Then used OMPI v2.0 with the PMIx external component. Configured with the optimized platform file.

@artpol84
Copy link
Contributor

artpol84 commented Nov 3, 2016

@jjhursey we just published our tool that was used to measure the performance. Can you give it a try as well?
What is the platform? PPC I guess?

@artpol84
Copy link
Contributor

artpol84 commented Nov 3, 2016

Also, what happens if you run 1.2 with dstore disabled? Does it show results comparable to 1.1.5/1.1.2?

@artpol84
Copy link
Contributor

artpol84 commented Nov 3, 2016

I'm setting up the testbed to try to reproduce

@jjhursey
Copy link
Member Author

jjhursey commented Nov 3, 2016

I'm setting up your performance tool as well. But probably won't get to run that data until Monday.

This was on a ppc64le system with 20 cores x 8 hwthreads on each node (18 nodes total, sorry for the odd node scaling). The only thing that changed between the builds was the PMIx library that was linked in.

@artpol84
Copy link
Contributor

artpol84 commented Nov 3, 2016

But have you tried v1.2 without dstore? Just to 2-check that this is not something else that has changed there?

@artpol84
Copy link
Contributor

artpol84 commented Nov 3, 2016

Also we haven't tested on PPC before and this probably also may be the reason of this unexpected behavior.

@artpol84
Copy link
Contributor

artpol84 commented Nov 4, 2016

I've just remeasured the dstore performance on the 32-node 20-core cluster using the tool that we are publishing now with #206, and here is the comparison (click on the image to scale):

image

This data is perfectly consistent with what I saw several months ago and referred on one of the calls. Still it's not clear to me why local Get's take longer but as number of local peers usually scales slower that overall rank count I've pushed that to my backlog.

And here is a comparison of the total time to fetch the keys:
image

You can see ~30% improvement that I mentioned on the call.
Note that I wasn't using hw threads and it's not clear for me how you were using them. Was it 1 process per hw-thread?

I'm going to fix my tool to make it more convenient - right now all procs just spit their timings and you have to do a post processing. I'll update the PR.

Since you can't share your tool now here is the next steps that I suggest to try:

  1. I will try to test on the PPC cluster.
  2. You will try updated perf tool so we will be on the same page with regard to how and what we measuring.

@artpol84
Copy link
Contributor

artpol84 commented Nov 4, 2016

Also I just realized that you mentioned several commits. I don't know how exactly you are measuring so it's hard to predict what went wrong but here are few things to keep in mind:

  • Currently dstore doesn't garbage-collect.

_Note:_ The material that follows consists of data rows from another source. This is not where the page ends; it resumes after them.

lemma supported_init_nbr:
  assumes "v \<in> S0 - crit (T x) E S0"
  obtains s where "s \<in> S0 - {v}" "E v s"
proof -
  have "dominating (T x) E (S0 - {v})"
    using assms unfolding crit_def by blast
  then show ?thesis
    using that assms unfolding dominating_def by blast
qed

lemma supported_init_not_root:
  assumes v: "v \<in> S0 - crit (T x) E S0"
  shows "v \<noteq> x"
proof
  assume vx: "v = x"
  obtain s where s: "s \<in> S0 - {v}" "E v s"
    using supported_init_nbr[OF v] by metis
  have sT: "s \<in> T x" and sV: "s \<in> V"
    using s T_subset by auto
  have "s \<in> S0"
    using s by blast
  then show False
  proof (cases rule: S0_cases)
    case 1
    then show False
      using X_nbr_in_A[of s x] vx s(2) x_in by blast
  next
    case 3
    then obtain a where "sub.D s = 2"
      using depth_N sT by metis
    moreover have "sub.D s = 1"
      using sub.depth_root_nbr[OF sT] sym[OF _ sV s(2)] vx x_V by simp
    ultimately show False
      by simp
  qed (use s vx in simp)
qed

lemma supported_init_not_N:
  assumes v: "v \<in> S0 - crit (T x) E S0"
  shows "v \<notin> N"
proof
  assume vN: "v \<in> N"
  obtain s where s: "s \<in> S0 - {v}" "E v s"
    using supported_init_nbr[OF v] by metis
  have vT: "v \<in> T x" and sT: "s \<in> T x"
    using v s by auto
  obtain a where a: "sub.D v = 2"
    using depth_N[OF vN vT] by metis
  have "s \<in> S0"
    using s by blast
  then show False
  proof (cases rule: S0_cases)
    case 1
    then show False
      using N_M_nbr[OF vN _ s(2)] by blast
  next
    case 2
    then show False
      using sub.depth_root_nbr[OF vT] s(2) a by simp
  next
    case 3
    then show False
      using depth_N[OF _ sT] sub.depth_adjacent[OF vT sT s(2)] a by (metis n_not_Suc_n)
  qed
qed

lemma supported_init_in_M: "v \<in> S0 - crit (T x) E S0 \<Longrightarrow> v \<in> M - A"
  using supported_init_not_root supported_init_not_N S0_cases by blast

lemma supported_init_private_nbr:
  assumes v: "v \<in> S0 - crit (T x) E S0"
  obtains z where "z \<in> T x" "z \<notin> S0" "z \<notin> M" "E z v" "\<forall>s\<in>M - {v}. \<not> E z s"
proof -
  have vMA: "v \<in> M - A" and vT: "v \<in> T x" and vV: "v \<in> V"
    using supported_init_in_M[OF v] v T_subset by auto
  have not_nbr: "\<not> E w v" if "w = x \<or> w \<in> N" for w
    using that vMA X_nbr_in_A[OF _ x_in] N_M_nbr by blast
  have "v \<in> crit V E M"
    using vMA crit_M by blast
  then obtain z where z: "z \<in> V" "z = v \<or> z \<notin> M \<and> E z v" "\<forall>s\<in>M - {v}. \<not> E z s"
    by (rule private_nbr[OF dominating_M])
  have "z \<noteq> v"
  proof
    assume "z = v"
    obtain s where s: "s \<in> S0 - {v}" "E v s"
      using supported_init_nbr[OF v] by metis
    then have "s \<in> S0" "E s v"
      using sym[OF vV _ s(2)] T_subset by auto
    then show False
      using z(3) \<open>z = v\<close> s not_nbr by (cases rule: S0_cases) auto
  qed
  then have zM: "z \<notin> M" and zv: "E z v"
    using z(2) by auto
  have "z \<in> T x"
    using T_nbr_closed[OF vT x_V z(1) zv] zM A2_subset_M by blast
  moreover have "z \<notin> S0"
  proof
    assume "z \<in> S0"
    then show False
      using zM not_nbr zv by (cases rule: S0_cases) auto
  qed
  ultimately show ?thesis
    using that zM zv z(3) by blast
qed

lemma supported_init_parent:
  assumes v: "v \<in> S0 - crit (T x) E S0"
  obtains z where "z \<in> T x" "z \<notin> S0" "E v z" "sub.D z < sub.D v"
proof -
  have vT: "v \<in> T x" and vx: "v \<noteq> x"
    using v supported_init_not_root by auto
  obtain z where zT: "z \<in> T x" and zS0: "z \<notin> S0" and zM: "z \<notin> M" and zv: "E z v"
    and z_priv: "\<forall>s\<in>M - {v}. \<not> E z s"
    using supported_init_private_nbr[OF v] by metis
  have "dominating (T x) E (S0 - {v})"
    using v unfolding crit_def by blast
  then obtain s where s: "s \<in> S0 - {v}" "E z s"
    using zT zS0 unfolding dominating_def by blast
  have sT: "s \<in> T x"
    using s by blast
  have "s \<in> S0"
    using s by blast
  then have "sub.D z < sub.D v"
  proof (cases rule: S0_cases)
    case 1
    then show ?thesis
      using z_priv s by blast
  next
    case 2
    then have "sub.D z = 1"
      using sub.depth_root_nbr[OF zT] s(2) by simp
    then show ?thesis
      using sub.depth_adjacent[OF vT zT sub.sym[OF zT vT zv]] sub.depth_eq_0_iff[OF vT] vx by auto
  next
    case 3
    obtain a where a: "a \<in> A - A2" "a \<in> T x" "E s a" "sub.D a = 1" "sub.D s = 2"
      using depth_N[OF 3 sT] by metis
    have sz: "E s z"
      using sub.sym[OF zT sT s(2)] .
    have "z \<noteq> a"
      using zM a A_subset_M by blast
    then have "sub.D z \<noteq> 1"
      using sub.parent_unique[OF sT zT sz _ a(2) a(3)] a by auto
    then have dz: "sub.D z = 3"
      using sub.depth_adjacent[OF sT zT sz] a(5) by auto
    have "sub.D v \<noteq> 2"
      using sub.parent_unique[OF zT vT zv _ sT s(2)] dz a(5) s by auto
    then show ?thesis
      using sub.depth_adjacent[OF vT zT sub.sym[OF zT vT zv]] dz by auto
  qed
  then show ?thesis
    using that zT zS0 sub.sym[OF zT vT zv] by blast
qed

lemma init_invariant: "alg1_invariant (T x) E x S0"
  unfolding alg1_invariant_def
proof (intro conjI ballI allI impI)
  fix v assume v: "v \<in> S0 - crit (T x) E S0"
  then show "v \<noteq> x"
    by (rule supported_init_not_root)
  fix p assume p: "p \<in> T x" "E v p \<and> sub.D p < sub.D v"
  obtain z where "z \<in> T x" "z \<notin> S0" "E v z" "sub.D z < sub.D v"
    using supported_init_parent[OF v] by metis
  moreover have "v \<in> T x"
    using v by blast
  ultimately show "p \<notin> S0"
    using sub.parent_unique[of v p z] p by auto
qed (use init_dominating root_in_S0 in auto)

end

lemma card_le_card_replace:
  assumes "finite S" "finite R" "R \<subseteq> U" "card (S \<inter> U) \<le> card R"
  shows "card S \<le> card ((S - (S \<inter> U)) \<union> R)"
proof -
  have "card ((S - (S \<inter> U)) \<union> R) = card (S - (S \<inter> U)) + card R"
    using assms(1-3) by (intro card_Un_disjoint) auto
  moreover have "card S = card (S - (S \<inter> U)) + card (S \<inter> U)"
    using assms(1) by (metis Int_lower1 card_Diff_subset card_mono finite_Int le_add_diff_inverse2)
  ultimately show ?thesis
    using assms(4) by simp
qed

context alg2_subtree
begin

lemma loop_update:
  assumes R: "alg1_result (T x) E x (Mc \<inter> T x) R" and Mc: "Mc \<inter> T x = S0" "Mc \<subseteq> V"
  shows "min_dominating (T x) E R" "x \<in> R" "R \<subseteq> T x"
    and "(Mc - (Mc \<inter> T x)) \<union> R \<subseteq> V"
    and "card Mc \<le> card ((Mc - (Mc \<inter> T x)) \<union> R)"
    and "x' \<in> X \<Longrightarrow> x' \<noteq> x \<Longrightarrow> ((Mc - (Mc \<inter> T x)) \<union> R) \<inter> T x' = Mc \<inter> T x'"
proof -
  have props: "min_dominating (T x) E R" "x \<in> R" "card S0 \<le> card R"
    using sub.alg1_result_props[OF R[unfolded Mc(1)] init_invariant] by auto
  then show "min_dominating (T x) E R" "x \<in> R"
    by auto
  show RT: "R \<subseteq> T x"
    using props(1) by (simp add: min_dominating_def dominating_def)
  then show "(Mc - (Mc \<inter> T x)) \<union> R \<subseteq> V"
    using Mc(2) T_subset by blast
  have "card (Mc \<inter> T x) \<le> card R"
    using props(3) Mc(1) by simp
  then show "card Mc \<le> card ((Mc - (Mc \<inter> T x)) \<union> R)"
    using card_le_card_replace[OF finite_subset[OF Mc(2) finite_V] finite_subset[OF RT sub.finite_W] RT]
    by blast
  show "((Mc - (Mc \<inter> T x)) \<union> R) \<inter> T x' = Mc \<inter> T x'" if "x' \<in> X" "x' \<noteq> x"
    using T_disjoint[OF x_in that(1)] that(2) RT by blast
qed

end

context alg2_setting
begin

lemma loop_terminates_exists:
  "distinct xs \<Longrightarrow> set xs \<subseteq> X \<Longrightarrow> Mc \<subseteq> V \<Longrightarrow> \<forall>x\<in>set xs. Mc \<inter> T x = M0 \<inter> T x \<Longrightarrow>
   alg2_loop_terminates V E A2 xs Mc \<and> (\<exists>Mf. alg2_loop V E A2 xs Mc Mf)"
proof (induction xs arbitrary: Mc)
  case Nil
  then show ?case
    using alg2_loop.nil[of V E A2 Mc] by auto
next
  case (Cons x xs)
  interpret alg2_subtree V E M X x
    using Cons.prems(2) by unfold_locales simp
  have S0: "Mc \<inter> T x = S0"
    using Cons.prems(4) by simp
  have next_ok: "alg2_loop_terminates V E A2 xs ((Mc - (Mc \<inter> T x)) \<union> R) \<and>
      (\<exists>Mf. alg2_loop V E A2 xs ((Mc - (Mc \<inter> T x)) \<union> R) Mf)"
    if R: "alg1_result (T x) E x (Mc \<inter> T x) R" for R
  proof (rule Cons.IH)
    note update = loop_update[OF R S0 Cons.prems(3)]
    show "distinct xs" "set xs \<subseteq> X"
      using Cons.prems(1,2) by auto
    show "(Mc - (Mc \<inter> T x)) \<union> R \<subseteq> V"
      by (rule update(4))
    show "\<forall>x'\<in>set xs. ((Mc - (Mc \<inter> T x)) \<union> R) \<inter> T x' = M0 \<inter> T x'"
    proof
      fix x' assume x': "x' \<in> set xs"
      then have "((Mc - (Mc \<inter> T x)) \<union> R) \<inter> T x' = Mc \<inter> T x'"
        using update(6) Cons.prems(1,2) by auto
      also have "\<dots> = M0 \<inter> T x'"
        using Cons.prems(4) x' by simp
      finally show "((Mc - (Mc \<inter> T x)) \<union> R) \<inter> T x' = M0 \<inter> T x'" .
    qed
  qed
  have "alg1_terminates (T x) E x (Mc \<inter> T x)"
    using sub.alg1_terminates_if_invariant[OF init_invariant] S0 by simp
  then have "alg2_loop_terminates V E A2 (x # xs) Mc"
    using next_ok by simp
  moreover obtain R where R: "alg1_result (T x) E x (Mc \<inter> T x) R"
    using sub.alg1_result_exists[OF init_invariant] S0 by auto
  then obtain Mf where "alg2_loop V E A2 xs ((Mc - (Mc \<inter> T x)) \<union> R) Mf"
    using next_ok by blast
  then have "alg2_loop V E A2 (x # xs) Mc Mf"
    by (rule alg2_loop.cons[OF R])
  ultimately show ?case
    by blast
qed

lemma loop_result:
  assumes "alg2_loop V E A2 xs Mc Mf"
    and "distinct xs" "set xs \<subseteq> X" "Mc \<subseteq> V" "\<forall>x\<in>set xs. Mc \<inter> T x = M0 \<inter> T x"
  shows "card Mc \<le> card Mf \<and> Mf \<subseteq> V \<and> (\<forall>v. (\<forall>x\<in>set xs. v \<notin> T x) \<longrightarrow> (v \<in> Mf \<longleftrightarrow> v \<in> Mc))
    \<and> (\<forall>x\<in>set xs. min_dominating (T x) E (Mf \<inter> T x) \<and> x \<in> Mf)"
  using assms
proof (induction rule: alg2_loop.induct)
  case (nil Mc)
  then show ?case
    by simp
next
  case (cons x Mc R xs Mf)
  interpret alg2_subtree V E M X x
    using cons.prems(2) by unfold_locales simp
  define Mc' where "Mc' = (Mc - (Mc \<inter> T x)) \<union> R"
  have S0: "Mc \<inter> T x = S0"
    using cons.prems(4) by simp
  note update = loop_update[OF cons.hyps(1) S0 cons.prems(3), folded Mc'_def]
  have "\<forall>x'\<in>set xs. Mc' \<inter> T x' = M0 \<inter> T x'"
  proof
    fix x' assume x': "x' \<in> set xs"
    then have "Mc' \<inter> T x' = Mc \<inter> T x'"
      using update(6) cons.prems(1,2) by auto
    also have "\<dots> = M0 \<inter> T x'"
      using cons.prems(4) x' by simp
    finally show "Mc' \<inter> T x' = M0 \<inter> T x'" .
  qed
  then have IH: "card Mc' \<le> card Mf" "Mf \<subseteq> V"
    "\<And>v. \<forall>x\<in>set xs. v \<notin> T x \<Longrightarrow> v \<in> Mf \<longleftrightarrow> v \<in> Mc'"
    "\<forall>x\<in>set xs. min_dominating (T x) E (Mf \<inter> T x) \<and> x \<in> Mf"
    using cons.IH[folded Mc'_def] cons.prems(1,2) update(4) by auto
  have "v \<notin> T x'" if "v \<in> T x" "x' \<in> set xs" for v x'
    using T_disjoint[OF x_in, of x'] cons.prems(1,2) that by auto
  then have "Mf \<inter> T x = R"
    using IH(3) update(3) unfolding Mc'_def by blast
  moreover have "v \<in> Mf \<longleftrightarrow> v \<in> Mc" if "\<forall>x'\<in>set (x # xs). v \<notin> T x'" for v
    using IH(3)[of v] that update(3) unfolding Mc'_def by auto
  ultimately show ?case
    using IH update(1,2,5) by auto
qed

end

So if you duplicate keys for example this will lead to sufficient fragmentation of the shared memory and may significantly affect performance. As per original statements PMIx is not supposed to be used in the mode where multiple commit/fence's are involved. At least it's not supposed to be performant in this case.
  • Also dstore supposed to work well for the reasonable amount of keys per process (which is expected real use case) . If you will push too much keys for the same rank it also can decrease performance. In conjunction with multiple commits the performance can be seriously decreased.

@artpol84
Copy link
Contributor

artpol84 commented Nov 4, 2016

P.S. dstore may be improved to address mentioned issues but we need to decide if this use-case is worth to address.

@artpol84
Copy link
Contributor

artpol84 commented Nov 4, 2016

Today I tried on 2 of our 160-thread PPC machines and I see poor local Get performance observed on Intel is getting much-much worse on PPC so I guess that this is what causing your bad results. I was testing just 2 nodes so the ratio of local Get's was really high which results in serious influence.
I guess it's time to find out why does it happens. I will check and get back to you.

@artpol84
Copy link
Contributor

artpol84 commented Nov 5, 2016

Ok, I found the reason of local-Get performance degradation and fixed it in #210 and #211. Now both local and remote access times are comparable (almost equal).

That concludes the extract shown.